I am absolutely pro vaccine despite my heart problems, but this kind of argumentation basically means that regardless of how bad the vaccine is, it gets away free because "covid would probably be worse".
That's kind of how relative risk works. I mean, no COVID would be nice, but we left that world behind two years ago. What do you mean "get away free" anyway? There's no morality here. The vaccine didn't "do" anything wrong. It is either efficacious or it isn't, and the side effects are either worth it or they aren't. From what we can tell, the risk of heart problems from the vaccine is so much lower than from COVID. What more would you like people to do?
The preprint discussed in that post specifically calls out that there weren’t enough myocarditis events in the 13-17 age group to reliably estimate the relative risk, so I don’t see where that conclusion is coming from
Also, note the higher relative risk only applies to the full moderna dose
I’m not saying that I don’t think myocarditis is a risk factor for kids and teens, just that this paper isn’t giving a quantitative assessment of its relative risk vs Covid. If you have seen research that does provide quantitative insight, I would be interested to read it; I have two kids under 5 and I’m still evaluating things.
I have a pre-teen daughter myself and while she's not directly in a "risk-group" (like boys are) I wouldn't feel comfortable shoving jabs and boosters after boosters into her, when the benefits are dubious.
This is why many countries are holding off on vaccinating kids still, even though some countries like the US seem to be hellbent on vaccinating 100% at any cost.
Edit: The above study has risks broken up by which vaccines were administered as 1st/2nd (page 12). Interestingly Moderna+Pfizer seems to have no(!?) risk, whereas myocarditis is very high among Pfizer+Moderna. Not sure what to make of it.
Edit2: Keep in mind we haven't vaccinated <12 year olds extensively yet, but the data on young children is already worrisome (to the point where risks of myocarditis seem to outweigh risks of Covid).
Edit3: I'm myself double-jabbed, so not an antivaxxer per se, even though I'm classified as one as per "modern definition".
Thanks for the link, it’s interesting that they have similar findings to other studies based on passive reporting systems like VAERS in the US.

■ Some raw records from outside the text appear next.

(* Let $n\ge1$, $H,K\le S_n$, $\phi:H\to\mathbb C$, $\psi:K\to\mathbb C$ arbitrary functions, and let $Y\subseteq\mathbb S_n(\mathbb C)$ be a set of symmetric matrices with $S_\sigma\in Y$ for every $\sigma\in S_n$. Then $d_\phi^H(A)=d_\psi^K(A)$ for all $A\in Y$ if and only if $d_\phi^H(S_\sigma)=d_\psi^K(S_\sigma)$ for all $\sigma\in S_n$.
   Context: $\mathbb S_n(\mathbb C)$ is the set of complex symmetric $n\times n$ matrices. For $G\le S_n$ and $\chi:G\to\mathbb C$, $\hat\chi$ is the extension of $\chi$ by $0$ outside $G$ and $d_\chi^G(A)=\sum_{\sigma\in S_n}\hat\chi(\sigma)\prod_{i=1}^n A_{i\,\sigma(i)}$. For $\sigma\in S_n$, $S_\sigma$ is the $n\times n$ $0/1$ matrix with $(S_\sigma)_{ij}=1$ iff $\sigma(i)=j$ or $\sigma^{-1}(i)=j$. *)

theory Defs
  imports Complex_Main "HOL-Algebra.Sym_Groups"
begin

text \<open>n x n complex matrices are represented as functions nat => nat => complex,
  indexed by {1..n}, with all entries outside {1..n} x {1..n} equal to 0
  (canonical representative).\<close>

definition sym_mats :: "nat \<Rightarrow> (nat \<Rightarrow> nat \<Rightarrow> complex) set" where
  "sym_mats n = {A. (\<forall>i\<in>{1..n}. \<forall>j\<in>{1..n}. A i j = A j i) \<and>
                    (\<forall>i j. i \<notin> {1..n} \<or> j \<notin> {1..n} \<longrightarrow> A i j = 0)}"

definition ext0 :: "(nat \<Rightarrow> nat) set \<Rightarrow> ((nat \<Rightarrow> nat) \<Rightarrow> complex) \<Rightarrow> (nat \<Rightarrow> nat) \<Rightarrow> complex" where
  "ext0 G \<chi> \<sigma> = (if \<sigma> \<in> G then \<chi> \<sigma> else 0)"

definition immanant_d :: "nat \<Rightarrow> (nat \<Rightarrow> nat) set \<Rightarrow> ((nat \<Rightarrow> nat) \<Rightarrow> complex)
    \<Rightarrow> (nat \<Rightarrow> nat \<Rightarrow> complex) \<Rightarrow> complex" where
  "immanant_d n G \<chi> A = (\<Sum>\<sigma>\<in>carrier (sym_group n). ext0 G \<chi> \<sigma> * (\<Prod>i\<in>{1..n}. A i (\<sigma> i)))"

definition S_mat :: "nat \<Rightarrow> (nat \<Rightarrow> nat) \<Rightarrow> (nat \<Rightarrow> nat \<Rightarrow> complex)" where
  "S_mat n \<sigma> = (\<lambda>i j. if i \<in> {1..n} \<and> j \<in> {1..n} \<and> (\<sigma> i = j \<or> Hilbert_Choice.inv \<sigma> i = j) then 1 else 0)"

end

theory Submission
  imports Defs
begin

text \<open>For a symmetric matrix \<open>A\<close> the monomial \<open>\<Prod>i. A i (\<sigma> i)\<close> depends only on the undirected
  graph of \<open>\<sigma>\<close>, i.e. on the sets \<open>{\<sigma> i, \<sigma>\<^sup>-\<^sup>1 i}\<close>, while \<open>\<Prod>i. S\<^sub>\<tau> i (\<sigma> i)\<close> is \<open>1\<close> if the graph of
  \<open>\<sigma>\<close> is contained in that of \<open>\<tau>\<close> and \<open>0\<close> otherwise. Hence equality on all \<open>S\<^sub>\<tau>\<close> says that the
  coefficient difference \<open>f = \<phi>\<^sup>^ - \<psi>\<^sup>^\<close> sums to zero over every down-set of this containment
  order. Inducting on the number of points in cycles of length at most 2, which strictly drops
  along proper containment, \<open>f\<close> sums to zero over every class of permutations with the same
  graph, and grouping \<open>d\<^sub>\<phi>\<^sup>H(A) - d\<^sub>\<psi>\<^sup>K(A)\<close> by these classes makes it vanish.\<close>

definition perm_nbrs :: "('a \<Rightarrow> 'a) \<Rightarrow> 'a \<Rightarrow> 'a set" where
  "perm_nbrs \<sigma> i = {\<sigma> i, Hilbert_Choice.inv \<sigma> i}"

lemma perm_nbrs_outside:
  assumes "\<sigma> permutes S" "i \<notin> S"
  shows "perm_nbrs \<sigma> i = {i}"
  using assms permutes_not_in[OF assms(1)] permutes_not_in[OF permutes_inv[OF assms(1)]]
  unfolding perm_nbrs_def by auto

lemma perm_nbrs_eq_iff:
  assumes "\<sigma> permutes S" "\<tau> permutes S"
  shows "perm_nbrs \<sigma> = perm_nbrs \<tau> \<longleftrightarrow> (\<forall>i\<in>S. perm_nbrs \<sigma> i = perm_nbrs \<tau> i)"
  using perm_nbrs_outside[OF assms(1)] perm_nbrs_outside[OF assms(2)] by (auto intro!: ext)

lemma perm_nbrs_eq_disagreement_closed:
  assumes s: "\<sigma> permutes S" and t: "\<tau> permutes S"
    and nbrs: "\<forall>i\<in>S. perm_nbrs \<sigma> i = perm_nbrs \<tau> i"
  shows "\<sigma> ` {i\<in>S. \<tau> i \<noteq> \<sigma> i} \<subseteq> {i\<in>S. \<tau> i \<noteq> \<sigma> i}"
proof
  fix j assume "j \<in> \<sigma> ` {i\<in>S. \<tau> i \<noteq> \<sigma> i}"
  then obtain i where i: "i \<in> S" "\<tau> i \<noteq> \<sigma> i" and j: "j = \<sigma> i" by auto
  have jS: "j \<in> S" using i j permutes_in_image[OF s] by auto
  have inv_j: "Hilbert_Choice.inv \<sigma> j = i" using j permutes_inverses[OF s] by auto
  have ti: "\<tau> i = Hilbert_Choice.inv \<sigma> i"
    using nbrs i unfolding perm_nbrs_def by (metis insert_iff singletonD)
  have "i \<in> perm_nbrs \<tau> j" using nbrs jS inv_j unfolding perm_nbrs_def by auto
  then consider "i = \<tau> j" | "\<tau> i = j"
    using permutes_inverses[OF t] unfolding perm_nbrs_def by auto
  then show "j \<in> {i\<in>S. \<tau> i \<noteq> \<sigma> i}"
  proof cases
    case 1
    then show ?thesis using jS i ti j permutes_inverses[OF s] by force
  next
    case 2
    then show ?thesis using i j by auto
  qed
qed

text \<open>On the set \<open>D\<close> where \<open>\<tau>\<close> and \<open>\<sigma>\<close> differ we have \<open>\<tau> = \<sigma>\<^sup>-\<^sup>1\<close>, and reindexing \<open>D\<close> by \<open>\<sigma>\<close>
  together with symmetry of \<open>A\<close> turns \<open>\<Prod>i\<in>D. A i (\<sigma>\<^sup>-\<^sup>1 i)\<close> into \<open>\<Prod>i\<in>D. A i (\<sigma> i)\<close>.\<close>
lemma prod_eq_if_perm_nbrs_eq:
  fixes A :: "'a \<Rightarrow> 'a \<Rightarrow> 'b::comm_monoid_mult"
  assumes s: "\<sigma> permutes S" and t: "\<tau> permutes S" and fin: "finite S"
    and sym: "\<forall>i\<in>S. \<forall>j\<in>S. A i j = A j i"
    and nbrs: "\<forall>i\<in>S. perm_nbrs \<sigma> i = perm_nbrs \<tau> i"
  shows "(\<Prod>i\<in>S. A i (\<tau> i)) = (\<Prod>i\<in>S. A i (\<sigma> i))"
proof -
  define D where "D = {i\<in>S. \<tau> i \<noteq> \<sigma> i}"
  have DS: "D \<subseteq> S" and finD: "finite D" using fin unfolding D_def by auto
  have t_inv: "\<tau> i = Hilbert_Choice.inv \<sigma> i" if "i \<in> D" for i
    using nbrs that unfolding D_def perm_nbrs_def by (metis (mono_tags) insert_iff mem_Collect_eq singletonD)
  have inj: "inj_on \<sigma> D" using permutes_inj_on[OF s] .
  have "\<sigma> ` D = D"
    using endo_inj_surj[OF finD _ inj] perm_nbrs_eq_disagreement_closed[OF s t nbrs] D_def by auto
  then have "(\<Prod>i\<in>D. A i (\<tau> i)) = (\<Prod>j\<in>D. A (\<sigma> j) (Hilbert_Choice.inv \<sigma> (\<sigma> j)))"
    using prod.reindex[OF inj, of "\<lambda>i. A i (Hilbert_Choice.inv \<sigma> i)"] t_inv by simp
  also have "\<dots> = (\<Prod>j\<in>D. A j (\<sigma> j))"
    using DS sym permutes_in_image[OF s] permutes_inverses[OF s] by (intro prod.cong) auto
  finally have onD: "(\<Prod>i\<in>D. A i (\<tau> i)) = (\<Prod>i\<in>D. A i (\<sigma> i))" .
  have offD: "(\<Prod>i\<in>S-D. A i (\<tau> i)) = (\<Prod>i\<in>S-D. A i (\<sigma> i))"
    by (rule prod.cong) (auto simp: D_def)
  show ?thesis
    using prod.subset_diff[OF DS fin, of "\<lambda>i. A i (\<tau> i)"] prod.subset_diff[OF DS fin, of "\<lambda>i. A i (\<sigma> i)"]
      onD offD by simp
qed

lemma perm_nbrs_subset_iff:
  assumes s: "\<sigma> permutes S" and t: "\<tau> permutes S"
  shows "(\<forall>i\<in>S. perm_nbrs \<sigma> i \<subseteq> perm_nbrs \<tau> i) \<longleftrightarrow>
         (\<forall>i\<in>S. \<sigma> i = \<tau> i \<or> \<sigma> i = Hilbert_Choice.inv \<tau> i)"
proof
  assume "\<forall>i\<in>S. perm_nbrs \<sigma> i \<subseteq> perm_nbrs \<tau> i"
  then show "\<forall>i\<in>S. \<sigma> i = \<tau> i \<or> \<sigma> i = Hilbert_Choice.inv \<tau> i" unfolding perm_nbrs_def by auto
next
  assume h: "\<forall>i\<in>S. \<sigma> i = \<tau> i \<or> \<sigma> i = Hilbert_Choice.inv \<tau> i"
  show "\<forall>i\<in>S. perm_nbrs \<sigma> i \<subseteq> perm_nbrs \<tau> i"
  proof
    fix i assume iS: "i \<in> S"
    define k where "k = Hilbert_Choice.inv \<sigma> i"
    have "k \<in> S" using k_def iS permutes_in_image[OF permutes_inv[OF s]] by auto
    moreover have "\<sigma> k = i" using k_def permutes_inverses[OF s] by auto
    ultimately have "k = Hilbert_Choice.inv \<tau> i \<or> k = \<tau> i"
      using h permutes_inverses[OF t] by metis
    then show "perm_nbrs \<sigma> i \<subseteq> perm_nbrs \<tau> i" using h iS k_def unfolding perm_nbrs_def by auto
  qed
qed

lemma prod_S_mat:
  assumes s: "\<sigma> permutes {1..n}" and t: "\<tau> permutes {1..n}"
  shows "(\<Prod>i\<in>{1..n}. S_mat n \<tau> i (\<sigma> i)) =
         (if \<forall>i\<in>{1..n}. perm_nbrs \<sigma> i \<subseteq> perm_nbrs \<tau> i then 1 else 0)"
proof -
  have entry: "S_mat n \<tau> i (\<sigma> i) = (if \<sigma> i = \<tau> i \<or> \<sigma> i = Hilbert_Choice.inv \<tau> i then 1 else 0)"
    if "i \<in> {1..n}" for i
    using that permutes_in_image[OF s, of i] unfolding S_mat_def by auto
  show ?thesis
    unfolding perm_nbrs_subset_iff[OF s t] using entry
    by (auto intro!: prod.neutral prod_zero)
qed

definition short_cycle_card :: "'a set \<Rightarrow> ('a \<Rightarrow> 'a) \<Rightarrow> nat" where
  "short_cycle_card S \<sigma> = card {i\<in>S. \<sigma> i = Hilbert_Choice.inv \<sigma> i}"

lemma short_cycle_card_le: "finite S \<Longrightarrow> short_cycle_card S \<sigma> \<le> card S"
  unfolding short_cycle_card_def by (rule card_mono) auto

lemma short_cycle_card_less:
  assumes "finite S"
    and sub: "\<forall>i\<in>S. perm_nbrs \<sigma> i \<subseteq> perm_nbrs \<tau> i"
    and ne: "\<exists>i\<in>S. perm_nbrs \<sigma> i \<noteq> perm_nbrs \<tau> i"
  shows "short_cycle_card S \<tau> < short_cycle_card S \<sigma>"
  unfolding short_cycle_card_def
proof (intro psubset_card_mono psubsetI)
  show "{i\<in>S. \<tau> i = Hilbert_Choice.inv \<tau> i} \<subseteq> {i\<in>S. \<sigma> i = Hilbert_Choice.inv \<sigma> i}"
    using sub unfolding perm_nbrs_def by fastforce
  obtain i where "i \<in> S" "perm_nbrs \<sigma> i \<noteq> perm_nbrs \<tau> i" using ne by blast
  with sub have "i \<in> S" "\<sigma> i = Hilbert_Choice.inv \<sigma> i" "\<tau> i \<noteq> Hilbert_Choice.inv \<tau> i"
    unfolding perm_nbrs_def by auto
  then show "{i\<in>S. \<tau> i = Hilbert_Choice.inv \<tau> i} \<noteq> {i\<in>S. \<sigma> i = Hilbert_Choice.inv \<sigma> i}"
    by blast
qed (use assms(1) in auto)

I don’t think the forever-recurring boosters are going to be a thing, it seems like cellular immunity is holding, and from the apparent drop off in myocarditis with greater spacing between doses one and two in this paper, that seems like evidence that 3-6 months would have been a better spacing than 3-4 weeks
> Interestingly Moderna+Pfizer seems to have no(!?) risk, whereas myocarditis is very high among Pfizer+Moderna. Not sure what to make of it.
I wouldn’t pay this much heed at all (based on this data at least). There were under 10k people in that first group (and zero cases of myocarditis), and the confidence intervals of the poisson regression overlap. You can even see from the figure how the model predicts a non-zero rate even though there were no actual cases!
really? I know many people who "got omicron" shortly after Christmas... by which I mean, they self-tested daily and eventually the test came up positive, with symptoms ranging from literally nonexistent to that of the mildest of colds—a far cry from my mom's ten-day absolute misery (and very real fear for her life given her immunosuppressed state) back in early 2020 that I personally witnessed & took care of her during. if that's what we're dealing with now, I don't see any reason why someone like myself who hasn't taken any of these vaccines or boosters or whatever to start doing so now. what part of my own personal risk assessment here is misguided?
How this does help anyone in particular to decide for themselves, unless you include some other factors like pre-existing conditions, sex, or age to the comparison?
People are not averages of the whole population. We would not need doctors if medical advice was this simple.